Research Projects

Single Cell

Hitherto, nucleic acids  are commonly analysed by using pooled cell populations. However, cell-to-cell variation detected by single-cell measurements can reveal deeper insights into the interplay of gene regulatory circuits and allows to determine the degree of biological plasticity and flexibility to react to environmental changes. Eventually, single-cell analysis approaches provide an unique opportunity to discover exclusive characteristics of a diseased cell state. 

We recently started analysing quantitatively cellular stress-related signaling at the level of individual immune and cancer cells. We established methods to measure gene expression of gene sets in hundreds of individual cells by single-cell quantitative reverse transcription PCR. Furthermore, we applied powerful FACS-, microfluidics- and microdroplet-based single-cell RNA-seq workflows to decipher pathway modules in the context of cell-environment interactions on a transcriptome-wide scale. This approach allowed us to discover new gene-gene interactions during stress response. Eventually our data sets provided us with information to quantify the balancing of a cell between determinacy and flexibility to cope with environmental changes.

Recently, we further expanded our single-cell research activities towards analysing clinical tumor samples, including (simultaneous) detection of transcriptome, DNA methylation and genomic information. This way, we could decipher so far unexplored mechanisms of tumor development and discover novel treatment options to more efficiently targeting individual tumors.



Many physiological processes are controlled by complex molecular mechanisms.

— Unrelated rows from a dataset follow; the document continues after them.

lemma card_le_if_diameter_less:
  fixes T :: "nat set"
  assumes "finite T" "0 \<le> D" "\<And>i j. i \<in> T \<Longrightarrow> j \<in> T \<Longrightarrow> real i - real j < D"
  shows "real (card T) \<le> D + 1"
proof (cases "T = {}")
  case False
  define m where "m = Min T"
  have m_in: "m \<in> T" and m_le: "\<And>i. i \<in> T \<Longrightarrow> m \<le> i"
    using False assms(1) by (simp_all add: m_def)
  have "T \<subseteq> {m..m + nat \<lfloor>D\<rfloor>}"
  proof
    fix i assume "i \<in> T"
    then have "m \<le> i" "int i - int m \<le> \<lfloor>D\<rfloor>"
      using assms(3)[of i m] m_in m_le by (auto simp: le_floor_iff)
    then show "i \<in> {m..m + nat \<lfloor>D\<rfloor>}"
      by auto
  qed
  then have "card T \<le> nat \<lfloor>D\<rfloor> + 1"
    using card_mono[of "{m..m + nat \<lfloor>D\<rfloor>}" T] by simp
  then show ?thesis
    using assms(2) by linarith
qed (use assms(2) in simp)

lemma card_progression_near_int_le:
  fixes y e \<delta> :: real and J :: nat
  assumes "e \<noteq> 0" "\<delta> > 0"
  shows "real (card {j \<in> {..J}. dist_int (y + real j * e) < \<delta>})
    \<le> (2 * \<delta> / \<bar>e\<bar> + 1) * (2 * real J * \<bar>e\<bar> + 5)"
proof -
  define A where "A = {j \<in> {..J}. dist_int (y + real j * e) < \<delta>}"
  define r where "r j = round (y + real j * e)" for j
  define Z where "Z = nat \<lceil>real J * \<bar>e\<bar>\<rceil> + 1"
  define Y where "Y = {round y - int Z .. round y + int Z}"
  have "r ` A \<subseteq> Y"
  proof
    fix n assume "n \<in> r ` A"
    then obtain j where j: "j \<in> A" "n = r j" by auto
    have "\<bar>of_int (r j) - of_int (round y)\<bar> \<le> \<bar>real j * e\<bar> + 1"
      using of_int_round_abs_le[of "y + real j * e"] of_int_round_abs_le[of y]
      unfolding r_def abs_le_iff by linarith
    also have "\<bar>real j * e\<bar> \<le> real J * \<bar>e\<bar>"
      using j by (auto simp: A_def abs_mult intro: mult_right_mono)
    finally have "\<bar>r j - round y\<bar> \<le> int Z"
      unfolding Z_def by linarith
    then show "n \<in> Y"
      using j by (simp add: Y_def abs_le_iff)
  qed
  moreover have "real (card {j \<in> A. r j = n}) \<le> 2 * \<delta> / \<bar>e\<bar> + 1" for n
  proof (rule card_le_if_diameter_less)
    show "finite {j \<in> A. r j = n}" "0 \<le> 2 * \<delta> / \<bar>e\<bar>"
      using assms by (auto simp: A_def)
    fix i j assume "i \<in> {j \<in> A. r j = n}" "j \<in> {j \<in> A. r j = n}"
    then have "\<bar>y + real i * e - n\<bar> < \<delta>" "\<bar>y + real j * e - n\<bar> < \<delta>"
      by (auto simp: A_def r_def dist_int_def)
    then have "\<bar>real i - real j\<bar> * \<bar>e\<bar> < 2 * \<delta>"
      by (simp add: abs_mult[symmetric] left_diff_distrib abs_less_iff)
    then have "(real i - real j) * \<bar>e\<bar> < 2 * \<delta>"
      by (meson abs_ge_self abs_ge_zero le_less_trans mult_right_mono)
    then show "real i - real j < 2 * \<delta> / \<bar>e\<bar>"
      using assms(1) by (simp add: pos_less_divide_eq)
  qed
  ultimately have "real (card A) \<le> (2 * \<delta> / \<bar>e\<bar> + 1) * real (card Y)"
    by (intro card_le_mult_card_if_fibres_le) (auto simp: Y_def)
  also have "card Y = 2 * Z + 1"
    by (simp add: Y_def)
  also have "real (2 * Z + 1) \<le> 2 * real J * \<bar>e\<bar> + 5"
    using of_int_ceiling_le_add_one[of "real J * \<bar>e\<bar>"] by (simp add: Z_def) linarith
  finally show ?thesis
    using assms by (simp add: A_def mult_left_mono)
qed

lemma card_le_sum_residue_classes:
  fixes q M :: nat
  assumes "q > 0"
  shows "card {m \<in> {..M}. P m} \<le> (\<Sum>r<q. card {j \<in> {..M div q}. P (r + q * j)})"
proof -
  define J where "J r = {j \<in> {..M div q}. P (r + q * j)}" for r
  have "{m \<in> {..M}. P m} \<subseteq> (\<Union>r<q. (\<lambda>j. r + q * j) ` J r)"
  proof
    fix m assume "m \<in> {m \<in> {..M}. P m}"
    then have "m = m mod q + q * (m div q)" "m div q \<in> J (m mod q)"
      by (auto simp: J_def intro: div_le_mono)
    moreover have "m mod q \<in> {..<q}"
      using assms by simp
    ultimately show "m \<in> (\<Union>r<q. (\<lambda>j. r + q * j) ` J r)"
      by blast
  qed
  then have "card {m \<in> {..M}. P m} \<le> card (\<Union>r<q. (\<lambda>j. r + q * j) ` J r)"
    by (rule card_mono[rotated]) (simp add: J_def)
  also have "\<dots> \<le> (\<Sum>r<q. card ((\<lambda>j. r + q * j) ` J r))"
    by (rule card_UN_le) simp
  also have "\<dots> \<le> (\<Sum>r<q. card (J r))"
    by (intro sum_mono card_image_le) (simp add: J_def)
  finally show ?thesis
    by (simp add: J_def)
qed

lemma Dirichlet_approx_irrational:
  fixes \<alpha> \<delta> :: real
  assumes "\<alpha> \<notin> \<rat>" "\<delta> > 0"
  obtains q :: nat and p :: int
  where "q > 0" "real q * \<alpha> - of_int p \<noteq> 0" "\<bar>real q * \<alpha> - of_int p\<bar> < \<delta>"
proof -
  obtain N :: nat where N: "N > 0" "inverse (real N) < \<delta>"
    using real_arch_inverse assms(2) by blast
  obtain p k where k: "0 < k" "\<bar>of_int k * \<alpha> - of_int p\<bar> < 1 / N"
    using Dirichlet_approx[OF N(1), of \<alpha>] by blast
  show thesis
  proof
    show "nat k > 0" "\<bar>real (nat k) * \<alpha> - of_int p\<bar> < \<delta>"
      using k N by (simp_all add: inverse_eq_divide)
    show "real (nat k) * \<alpha> - of_int p \<noteq> 0"
    proof
      assume "real (nat k) * \<alpha> - of_int p = 0"
      then have "\<alpha> = of_int p / of_int k"
        using k by (simp add: field_simps)
      then show False
        using assms(1) by (metis Rats_divide Rats_of_int)
    qed
  qed
qed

This includes daily environmental factors such as nutrition. In order to prevent health decline and prolong the quality of life we aim to identify causal connections between environmental factors and disease, to increase the acceptance of emerging strategies for preventive medicine.

Recently, our research group has been exploring health implications of the interaction between nutrition and genomics or the so-called “nutrigenomics”. For example, the regulation of genes plays an important role in various molecular processes of metabolic disorders such as insulin resistance or atherosclerosis.

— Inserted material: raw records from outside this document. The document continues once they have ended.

lemma rank_poly_shuffle_interval_Cons_A_Cons_X:
  assumes u: "A i # u \<in> W M N" "X j \<notin> set u" and v: "X j # v \<in> W M N" "A i \<notin> set v"
  defines "I1 \<equiv> shuffle_interval M N u (X j # v)" and "I2 \<equiv> shuffle_interval M N (A i # u) v"
    and "I3 \<equiv> shuffle_interval M N u v"
  shows "rank_poly b (shuffle_interval M N (A i # u) (X j # v)) =
    rank_poly b I1 + rank_poly b (I2 - I3) + rank_poly b (Cons (A i) ` (I1 - I3))
      + rank_poly b (Cons (X j) ` (I2 - I3))"
proof -
  have uW: "u \<in> W M N" and vW: "v \<in> W M N"
    using u v W_ConsD by blast+
  note without_A = mem_shuffle_interval_Cons_A_left[OF u(1)]
  note without_X = mem_shuffle_interval_Cons_X_right[OF v(1)]
  have A_notin_I1: "A i \<notin> set w" if "w \<in> I1" for w
    using that without_A[OF v(1)] unfolding I1_def by blast
  have X_notin_I2: "X j \<notin> set w" if "w \<in> I2" for w
    using that without_X[OF u(1)] unfolding I2_def by blast
  have A_in: "A i \<in> set w" if "w \<in> I2 - I3" for w
    using that without_A[OF vW] unfolding I2_def I3_def by blast
  have X_in: "X j \<in> set w" if "w \<in> I1 - I3" for w
    using that without_X[OF uW] unfolding I1_def I3_def by blast
  have "I1 \<inter> (I2 - I3) = {}"
    using A_notin_I1 A_in by blast
  moreover have "(I1 \<union> (I2 - I3)) \<inter> Cons (A i) ` (I1 - I3) = {}"
    using A_notin_I1 X_notin_I2 X_in by fastforce
  moreover have "(I1 \<union> (I2 - I3) \<union> Cons (A i) ` (I1 - I3)) \<inter> Cons (X j) ` (I2 - I3) = {}"
    using A_notin_I1 X_notin_I2 A_in by fastforce
  ultimately show ?thesis
    unfolding I1_def I2_def I3_def
    by (simp add: shuffle_interval_Cons_A_Cons_X[OF assms(1-4)] rank_poly_union finite_shuffle_interval)
qed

One emphasis of our research lies in analysing genome-wide and on the level of individual cells the modulation of gene expression to endow cells with resilience to respond to environmental changes.

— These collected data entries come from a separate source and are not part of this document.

definition colim :: "('n, nat \<Rightarrow> 'v) pmod" where
  "colim = \<lparr>sp = (\<lambda>s. proj s ` threads s), mp = (\<lambda>s t y. proj t (mp_threads s t y))\<rparr>"

definition colim_map :: "nat \<Rightarrow> real^'n \<Rightarrow> 'v \<Rightarrow> (nat \<Rightarrow> 'v)" where
  "colim_map j s x = proj s (thread_from j s x)"

lemma sp_colim: "sp colim s = proj s ` threads s"
  by (simp add: colim_def)

lemma mp_colim: "mp colim s t y = proj t (mp_threads s t y)"
  by (simp add: colim_def)

lemma colim_threads: "y \<in> sp colim s \<Longrightarrow> y \<in> threads s"
  using proj_threads by (auto simp: sp_colim)

lemma proj_colim: "y \<in> sp colim s \<Longrightarrow> proj s y = y"
  using proj_idem by (auto simp: sp_colim)

lemma subspace_colim: "subspace_of fs (sp colim s)"
  unfolding subspace_of_def sp_colim
proof (intro conjI ballI allI)
  show "0 \<in> proj s ` threads s"
    using subspace_of_0[OF subspace_threads] proj_diff[of s 0 0] by (metis diff_self image_eqI)
next
  fix x y assume "x \<in> proj s ` threads s" "y \<in> proj s ` threads s"
  then show "x + y \<in> proj s ` threads s"
    by (auto simp flip: proj_add intro: threads_add)
next
  fix c x assume "x \<in> proj s ` threads s"
  then show "fs c x \<in> proj s ` threads s"
    by (auto simp flip: proj_scale intro: subspace_of_scale[OF subspace_threads])
qed

lemma is_pmod_colim: "is_pmod fs colim"
  unfolding is_pmod_def
proof (intro conjI allI impI ballI)
  show "subspace_of fs (sp colim s)" for s
    by (rule subspace_colim)
next
  fix s t :: "real^'n" assume st: "s \<le> t"
  show "lin_on fs fs (sp colim s) (sp colim t) (mp colim s t)"
    unfolding lin_on_def mp_colim
  proof (intro conjI ballI allI)
    fix x y assume x: "x \<in> sp colim s" and y: "y \<in> sp colim s"
    show "proj t (mp_threads s t x) \<in> sp colim t"
      using mp_threads_threads[OF st colim_threads[OF x]] by (simp add: sp_colim)
    show "proj t (mp_threads s t (x + y)) = proj t (mp_threads s t x) + proj t (mp_threads s t y)"
      using mp_threads_add[OF st colim_threads[OF x] colim_threads[OF y]] by (simp add: proj_add)
  next
    fix c x assume x: "x \<in> sp colim s"
    show "proj t (mp_threads s t (fs c x)) = fs c (proj t (mp_threads s t x))"
      using mp_threads_scale[OF st colim_threads[OF x]] by (simp add: proj_scale)
  qed
next
  fix s x assume "x \<in> sp colim s"
  then show "mp colim s s x = x"
    by (simp add: mp_colim mp_threads_id colim_threads proj_colim)
next
  fix s t u x assume st: "s \<le> t" and tu: "t \<le> u" and x: "x \<in> sp colim s"
  have "proj u (mp_threads t u (proj t (mp_threads s t x)))
      = proj u (mp_threads t u (mp_threads s t x))"
    by (rule proj_mp_threads_proj[OF tu mp_threads_threads[OF st colim_threads[OF x]]])
  also have "\<dots> = proj u (mp_threads s u x)"
    by (simp add: mp_threads_comp[OF st tu colim_threads[OF x]])
  finally show "mp colim t u (mp colim s t x) = mp colim s u x"
    by (simp add: mp_colim)
qed

lemma colim_map_morph: "morph sc fs 0 (U j) colim (colim_map j)"
  unfolding morph_def lin_on_def
proof (intro conjI allI impI ballI)
  fix s x y assume x: "x \<in> sp (U j) s" and y: "y \<in> sp (U j) s"
  show "colim_map j s x \<in> sp colim (sh 0 s)"
    using thread_from_threads[OF x] by (simp add: colim_map_def sp_colim)
  show "colim_map j s (x + y) = colim_map j s x + colim_map j s y"
    by (simp add: colim_map_def thread_from_add[OF x y] proj_add)
  show "colim_map j s (sc c x) = fs c (colim_map j s x)" for c
    by (simp add: colim_map_def thread_from_scale[OF x] proj_scale)
next
  fix s t x assume st: "s \<le> t" and x: "x \<in> sp (U j) s"
  have "mp colim s t (colim_map j s x) = proj t (mp_threads s t (thread_from j s x))"
    unfolding colim_map_def mp_colim by (rule proj_mp_threads_proj[OF st thread_from_threads[OF x]])
  then show "colim_map j t (mp (U j) s t x) = mp colim (sh 0 s) (sh 0 t) (colim_map j s x)"
    by (simp add: mp_threads_thread_from[OF st x] colim_map_def)
qed

lemma thread_from_Suc_start:
  "Suc j \<le> i \<Longrightarrow> thread_from (Suc j) s (g j s x) i = thread_from j s x i"
proof -
  assume "Suc j \<le> i"
  then have "thread_from (Suc j) s (g j s x) i = seq_trans g j (Suc (i - Suc j)) s x"
    by (simp add: thread_from_def seq_trans_Suc_start del: seq_trans.simps)
  also have "\<dots> = thread_from j s x i"
    using \<open>Suc j \<le> i\<close> by (simp add: thread_from_def Suc_diff_Suc del: seq_trans.simps)
  finally show ?thesis .
qed

lemma colim_map_Suc: "x \<in> sp (U j) s \<Longrightarrow> colim_map (Suc j) s (g j s x) = colim_map j s x"
  unfolding colim_map_def
  by (rule proj_eqI) (auto simp: null_threads_def eventually_sequentially thread_from_Suc_start
      intro!: diff_in_U thread_from_in g_in exI[of _ "Suc j"])

lemma colim_map_surj:
  assumes y: "y \<in> sp colim s"
  shows "\<exists>j. \<exists>x\<in>sp (U j) s. colim_map j s x = y"
proof -
  obtain m where m: "follows_from y s m"
    using threads_follow colim_threads[OF y] by blast
  have "thread_from m s (y m) - y \<in> null_threads s"
    unfolding null_threads_def eventually_sequentially
    using thread_from_eq[OF m] diff_in_U[OF thread_from_in threads_in] colim_threads[OF y]
      threads_in
    by auto
  then have "colim_map m s (y m) = y"
    unfolding colim_map_def using proj_eqI proj_colim[OF y] by metis
  then show ?thesis
    using threads_in[OF colim_threads[OF y]] by blast
qed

A second emphasis of our research concerns the analysis and optimisation of natural products to interact with gene regulatory pathways. For example, we recently discovered a so far largely unexplored class of natural products, the amorfrutins that we isolated from the roots of liquorice. These metabolic efficient molecules interact selectively with the nuclear receptor PPARgamma to exert beneficial metabolic and anti-inflammatory effects. Furthermore, we recently presented a new paradigm of the mode of action of the famous, widely consumed natural product resveratrol from red wine.